Data supplied
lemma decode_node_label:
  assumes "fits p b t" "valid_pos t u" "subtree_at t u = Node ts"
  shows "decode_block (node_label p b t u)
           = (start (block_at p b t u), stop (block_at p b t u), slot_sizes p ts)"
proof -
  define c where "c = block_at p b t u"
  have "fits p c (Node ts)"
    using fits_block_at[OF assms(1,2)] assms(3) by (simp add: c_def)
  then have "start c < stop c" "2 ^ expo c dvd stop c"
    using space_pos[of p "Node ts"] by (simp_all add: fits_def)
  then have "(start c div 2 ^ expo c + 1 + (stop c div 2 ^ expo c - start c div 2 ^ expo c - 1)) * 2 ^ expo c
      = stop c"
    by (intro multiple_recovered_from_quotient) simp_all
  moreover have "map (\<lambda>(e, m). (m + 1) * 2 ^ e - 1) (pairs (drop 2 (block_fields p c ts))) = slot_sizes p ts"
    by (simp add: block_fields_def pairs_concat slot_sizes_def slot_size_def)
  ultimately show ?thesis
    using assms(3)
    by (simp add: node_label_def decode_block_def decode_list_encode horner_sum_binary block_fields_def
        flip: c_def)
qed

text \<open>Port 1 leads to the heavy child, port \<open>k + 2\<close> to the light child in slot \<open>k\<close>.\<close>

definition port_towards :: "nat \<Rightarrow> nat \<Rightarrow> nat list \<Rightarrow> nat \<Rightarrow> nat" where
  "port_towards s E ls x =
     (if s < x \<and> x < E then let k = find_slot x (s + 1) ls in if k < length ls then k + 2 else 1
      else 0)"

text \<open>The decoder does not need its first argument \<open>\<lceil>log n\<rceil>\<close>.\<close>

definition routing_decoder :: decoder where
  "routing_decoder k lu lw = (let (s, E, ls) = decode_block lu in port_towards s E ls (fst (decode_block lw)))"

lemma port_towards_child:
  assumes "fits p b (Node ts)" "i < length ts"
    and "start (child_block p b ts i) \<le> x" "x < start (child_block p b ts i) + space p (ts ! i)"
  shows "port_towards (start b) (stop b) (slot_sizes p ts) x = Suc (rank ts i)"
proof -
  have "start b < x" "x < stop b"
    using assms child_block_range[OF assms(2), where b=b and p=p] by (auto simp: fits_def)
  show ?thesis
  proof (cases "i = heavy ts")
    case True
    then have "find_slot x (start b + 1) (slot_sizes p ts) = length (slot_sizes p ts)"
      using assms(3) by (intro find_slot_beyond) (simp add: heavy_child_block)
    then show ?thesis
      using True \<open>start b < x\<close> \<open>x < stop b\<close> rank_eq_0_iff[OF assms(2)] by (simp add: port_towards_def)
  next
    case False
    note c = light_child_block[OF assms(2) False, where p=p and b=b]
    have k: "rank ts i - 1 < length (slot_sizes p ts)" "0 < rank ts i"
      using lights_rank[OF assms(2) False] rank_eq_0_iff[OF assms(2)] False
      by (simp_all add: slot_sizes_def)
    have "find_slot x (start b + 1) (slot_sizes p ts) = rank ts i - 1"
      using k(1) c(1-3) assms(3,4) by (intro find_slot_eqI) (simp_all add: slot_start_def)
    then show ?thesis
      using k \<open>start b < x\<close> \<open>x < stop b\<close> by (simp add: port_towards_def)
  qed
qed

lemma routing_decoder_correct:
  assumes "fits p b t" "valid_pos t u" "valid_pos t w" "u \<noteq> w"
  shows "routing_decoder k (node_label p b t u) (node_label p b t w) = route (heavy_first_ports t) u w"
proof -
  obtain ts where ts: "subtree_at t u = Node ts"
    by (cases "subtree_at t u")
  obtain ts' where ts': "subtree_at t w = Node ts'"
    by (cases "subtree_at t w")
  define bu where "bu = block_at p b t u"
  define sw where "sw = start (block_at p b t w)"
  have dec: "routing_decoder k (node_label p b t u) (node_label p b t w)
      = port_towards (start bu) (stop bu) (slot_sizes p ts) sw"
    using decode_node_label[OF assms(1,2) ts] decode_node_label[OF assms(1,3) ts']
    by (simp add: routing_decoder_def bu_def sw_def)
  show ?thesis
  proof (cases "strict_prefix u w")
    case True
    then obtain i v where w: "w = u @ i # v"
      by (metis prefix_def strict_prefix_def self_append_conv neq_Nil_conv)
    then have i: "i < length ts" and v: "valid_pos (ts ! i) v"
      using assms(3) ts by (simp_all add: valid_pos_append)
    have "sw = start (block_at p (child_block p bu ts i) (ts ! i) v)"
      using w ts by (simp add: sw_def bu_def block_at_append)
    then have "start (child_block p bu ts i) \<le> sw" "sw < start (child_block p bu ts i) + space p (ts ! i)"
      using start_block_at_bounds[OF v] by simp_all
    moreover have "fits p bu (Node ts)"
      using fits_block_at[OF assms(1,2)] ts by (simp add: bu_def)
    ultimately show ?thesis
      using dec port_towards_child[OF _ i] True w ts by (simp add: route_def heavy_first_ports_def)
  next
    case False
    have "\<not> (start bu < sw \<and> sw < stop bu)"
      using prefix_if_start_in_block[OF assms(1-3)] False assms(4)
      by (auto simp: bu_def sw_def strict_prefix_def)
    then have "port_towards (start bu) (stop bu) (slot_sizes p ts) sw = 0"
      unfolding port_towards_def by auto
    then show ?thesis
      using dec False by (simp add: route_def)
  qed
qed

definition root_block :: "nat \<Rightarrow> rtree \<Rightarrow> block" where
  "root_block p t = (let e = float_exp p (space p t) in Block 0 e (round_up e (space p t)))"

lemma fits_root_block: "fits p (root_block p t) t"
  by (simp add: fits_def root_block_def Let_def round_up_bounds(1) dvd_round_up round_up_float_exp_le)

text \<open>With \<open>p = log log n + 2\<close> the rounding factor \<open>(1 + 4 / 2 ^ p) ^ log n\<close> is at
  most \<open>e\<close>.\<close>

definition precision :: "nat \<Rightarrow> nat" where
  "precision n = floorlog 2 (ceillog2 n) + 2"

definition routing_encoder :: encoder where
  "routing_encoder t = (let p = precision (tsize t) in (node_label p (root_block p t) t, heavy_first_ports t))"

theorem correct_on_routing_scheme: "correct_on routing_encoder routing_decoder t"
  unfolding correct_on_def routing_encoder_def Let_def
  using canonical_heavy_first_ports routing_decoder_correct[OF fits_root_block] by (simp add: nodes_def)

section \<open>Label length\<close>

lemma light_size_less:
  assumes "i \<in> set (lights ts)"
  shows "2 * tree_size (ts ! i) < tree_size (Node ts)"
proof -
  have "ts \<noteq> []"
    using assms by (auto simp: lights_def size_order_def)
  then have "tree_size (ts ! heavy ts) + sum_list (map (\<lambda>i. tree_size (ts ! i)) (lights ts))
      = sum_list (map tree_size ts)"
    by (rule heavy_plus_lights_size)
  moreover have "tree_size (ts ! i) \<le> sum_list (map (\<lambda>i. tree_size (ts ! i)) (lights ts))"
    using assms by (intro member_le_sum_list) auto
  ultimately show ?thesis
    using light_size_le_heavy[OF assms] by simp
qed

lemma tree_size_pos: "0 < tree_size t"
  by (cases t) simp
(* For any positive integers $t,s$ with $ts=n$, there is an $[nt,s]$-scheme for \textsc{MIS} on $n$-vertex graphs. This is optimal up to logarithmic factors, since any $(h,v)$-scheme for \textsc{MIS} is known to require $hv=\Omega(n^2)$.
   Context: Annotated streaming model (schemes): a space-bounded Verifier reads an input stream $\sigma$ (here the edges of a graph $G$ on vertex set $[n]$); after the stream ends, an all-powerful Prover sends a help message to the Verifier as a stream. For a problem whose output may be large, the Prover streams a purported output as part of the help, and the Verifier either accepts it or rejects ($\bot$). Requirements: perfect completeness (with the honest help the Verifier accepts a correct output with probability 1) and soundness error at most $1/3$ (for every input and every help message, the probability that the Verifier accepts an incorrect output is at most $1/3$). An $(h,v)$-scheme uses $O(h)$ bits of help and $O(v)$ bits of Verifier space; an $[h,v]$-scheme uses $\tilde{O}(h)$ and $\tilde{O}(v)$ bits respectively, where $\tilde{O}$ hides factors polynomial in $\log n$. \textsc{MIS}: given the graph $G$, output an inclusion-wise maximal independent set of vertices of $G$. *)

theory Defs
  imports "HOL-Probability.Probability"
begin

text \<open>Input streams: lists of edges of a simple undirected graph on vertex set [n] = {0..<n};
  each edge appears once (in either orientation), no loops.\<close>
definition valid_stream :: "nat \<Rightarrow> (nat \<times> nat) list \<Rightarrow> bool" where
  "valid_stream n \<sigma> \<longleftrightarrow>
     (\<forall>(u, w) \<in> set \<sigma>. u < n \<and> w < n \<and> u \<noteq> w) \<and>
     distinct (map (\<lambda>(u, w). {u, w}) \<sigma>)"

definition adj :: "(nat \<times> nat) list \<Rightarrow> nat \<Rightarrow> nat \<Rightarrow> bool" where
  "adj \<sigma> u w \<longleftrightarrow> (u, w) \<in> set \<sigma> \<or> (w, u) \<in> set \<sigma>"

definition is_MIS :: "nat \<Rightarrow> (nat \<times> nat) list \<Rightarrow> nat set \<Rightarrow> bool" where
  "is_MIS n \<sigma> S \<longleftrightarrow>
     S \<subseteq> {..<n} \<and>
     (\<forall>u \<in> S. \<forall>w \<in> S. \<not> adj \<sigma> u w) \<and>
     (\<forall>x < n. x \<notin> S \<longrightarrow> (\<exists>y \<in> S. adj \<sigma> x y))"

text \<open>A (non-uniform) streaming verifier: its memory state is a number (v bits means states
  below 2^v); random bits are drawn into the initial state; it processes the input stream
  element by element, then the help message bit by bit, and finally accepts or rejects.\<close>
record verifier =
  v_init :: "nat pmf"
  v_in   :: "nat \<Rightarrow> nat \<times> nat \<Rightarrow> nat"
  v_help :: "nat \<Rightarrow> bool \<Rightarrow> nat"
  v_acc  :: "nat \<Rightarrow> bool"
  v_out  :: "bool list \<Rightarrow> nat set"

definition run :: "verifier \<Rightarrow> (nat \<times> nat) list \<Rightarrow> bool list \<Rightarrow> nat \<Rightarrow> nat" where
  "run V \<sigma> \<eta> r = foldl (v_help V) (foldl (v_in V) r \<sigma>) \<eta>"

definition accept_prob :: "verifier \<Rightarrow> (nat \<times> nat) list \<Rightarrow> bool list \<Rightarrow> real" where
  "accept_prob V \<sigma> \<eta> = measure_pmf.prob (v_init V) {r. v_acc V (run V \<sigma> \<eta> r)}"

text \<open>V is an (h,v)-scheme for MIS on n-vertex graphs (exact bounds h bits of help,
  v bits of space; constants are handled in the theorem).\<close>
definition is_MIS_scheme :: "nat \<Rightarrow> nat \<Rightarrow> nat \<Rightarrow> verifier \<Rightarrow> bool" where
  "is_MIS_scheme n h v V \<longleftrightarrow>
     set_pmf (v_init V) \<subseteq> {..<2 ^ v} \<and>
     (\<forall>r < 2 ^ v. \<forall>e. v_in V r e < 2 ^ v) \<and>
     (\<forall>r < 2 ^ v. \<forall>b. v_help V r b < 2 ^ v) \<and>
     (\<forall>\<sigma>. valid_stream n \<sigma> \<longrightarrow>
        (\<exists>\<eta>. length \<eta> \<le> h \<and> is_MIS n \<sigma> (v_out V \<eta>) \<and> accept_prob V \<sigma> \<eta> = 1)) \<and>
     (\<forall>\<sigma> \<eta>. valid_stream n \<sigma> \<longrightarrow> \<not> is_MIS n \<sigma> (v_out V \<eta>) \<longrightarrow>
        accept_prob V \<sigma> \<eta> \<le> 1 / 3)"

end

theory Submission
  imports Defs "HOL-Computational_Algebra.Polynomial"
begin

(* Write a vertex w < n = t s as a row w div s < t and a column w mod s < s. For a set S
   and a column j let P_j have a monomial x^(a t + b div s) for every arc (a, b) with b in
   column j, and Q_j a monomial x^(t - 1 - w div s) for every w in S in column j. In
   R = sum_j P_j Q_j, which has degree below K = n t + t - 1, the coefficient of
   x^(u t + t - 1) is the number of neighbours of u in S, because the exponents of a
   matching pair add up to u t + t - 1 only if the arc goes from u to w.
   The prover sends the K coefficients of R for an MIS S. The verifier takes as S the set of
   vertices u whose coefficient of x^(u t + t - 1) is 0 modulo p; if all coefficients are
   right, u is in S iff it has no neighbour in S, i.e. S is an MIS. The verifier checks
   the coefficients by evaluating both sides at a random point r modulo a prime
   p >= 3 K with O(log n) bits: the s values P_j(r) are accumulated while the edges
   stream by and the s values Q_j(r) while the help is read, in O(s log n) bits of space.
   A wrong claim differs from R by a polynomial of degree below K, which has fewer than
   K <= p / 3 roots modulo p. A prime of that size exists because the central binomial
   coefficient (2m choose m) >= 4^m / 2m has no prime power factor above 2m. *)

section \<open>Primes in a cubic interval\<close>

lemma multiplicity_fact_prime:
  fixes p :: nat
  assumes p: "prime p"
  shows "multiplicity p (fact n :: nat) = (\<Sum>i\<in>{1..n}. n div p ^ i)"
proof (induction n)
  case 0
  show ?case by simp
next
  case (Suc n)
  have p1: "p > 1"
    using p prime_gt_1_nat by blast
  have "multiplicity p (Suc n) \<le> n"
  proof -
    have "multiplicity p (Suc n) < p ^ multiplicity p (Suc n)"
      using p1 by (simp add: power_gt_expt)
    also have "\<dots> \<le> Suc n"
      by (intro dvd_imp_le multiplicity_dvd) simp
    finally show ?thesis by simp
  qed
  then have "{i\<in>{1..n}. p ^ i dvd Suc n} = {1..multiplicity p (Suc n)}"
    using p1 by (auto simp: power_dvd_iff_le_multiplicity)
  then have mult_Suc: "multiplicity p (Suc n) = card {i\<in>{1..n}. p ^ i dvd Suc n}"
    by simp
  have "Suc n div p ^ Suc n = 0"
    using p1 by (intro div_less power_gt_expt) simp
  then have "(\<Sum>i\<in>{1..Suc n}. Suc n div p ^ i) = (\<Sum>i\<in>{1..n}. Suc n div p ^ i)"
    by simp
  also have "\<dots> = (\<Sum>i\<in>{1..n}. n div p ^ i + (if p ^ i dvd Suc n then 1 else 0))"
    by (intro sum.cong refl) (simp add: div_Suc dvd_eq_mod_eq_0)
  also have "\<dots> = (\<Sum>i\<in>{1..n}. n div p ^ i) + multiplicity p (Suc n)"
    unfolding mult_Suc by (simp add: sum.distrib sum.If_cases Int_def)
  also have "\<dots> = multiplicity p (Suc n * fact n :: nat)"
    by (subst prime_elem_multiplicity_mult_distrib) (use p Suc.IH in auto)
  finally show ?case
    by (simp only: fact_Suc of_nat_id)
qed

Requirement
Look above for the line holding "then obtain i". Print it and every line after it, exactly, through the line holding "(block_at p (child_block".

Completed exercise
    then obtain i v where w: "w = u @ i # v"
      by (metis prefix_def strict_prefix_def self_append_conv neq_Nil_conv)
    then have i: "i < length ts" and v: "valid_pos (ts ! i) v"
      using assms(3) ts by (simp_all add: valid_pos_append)
    have "sw = start (block_at p (child_block p bu ts i) (ts ! i) v)"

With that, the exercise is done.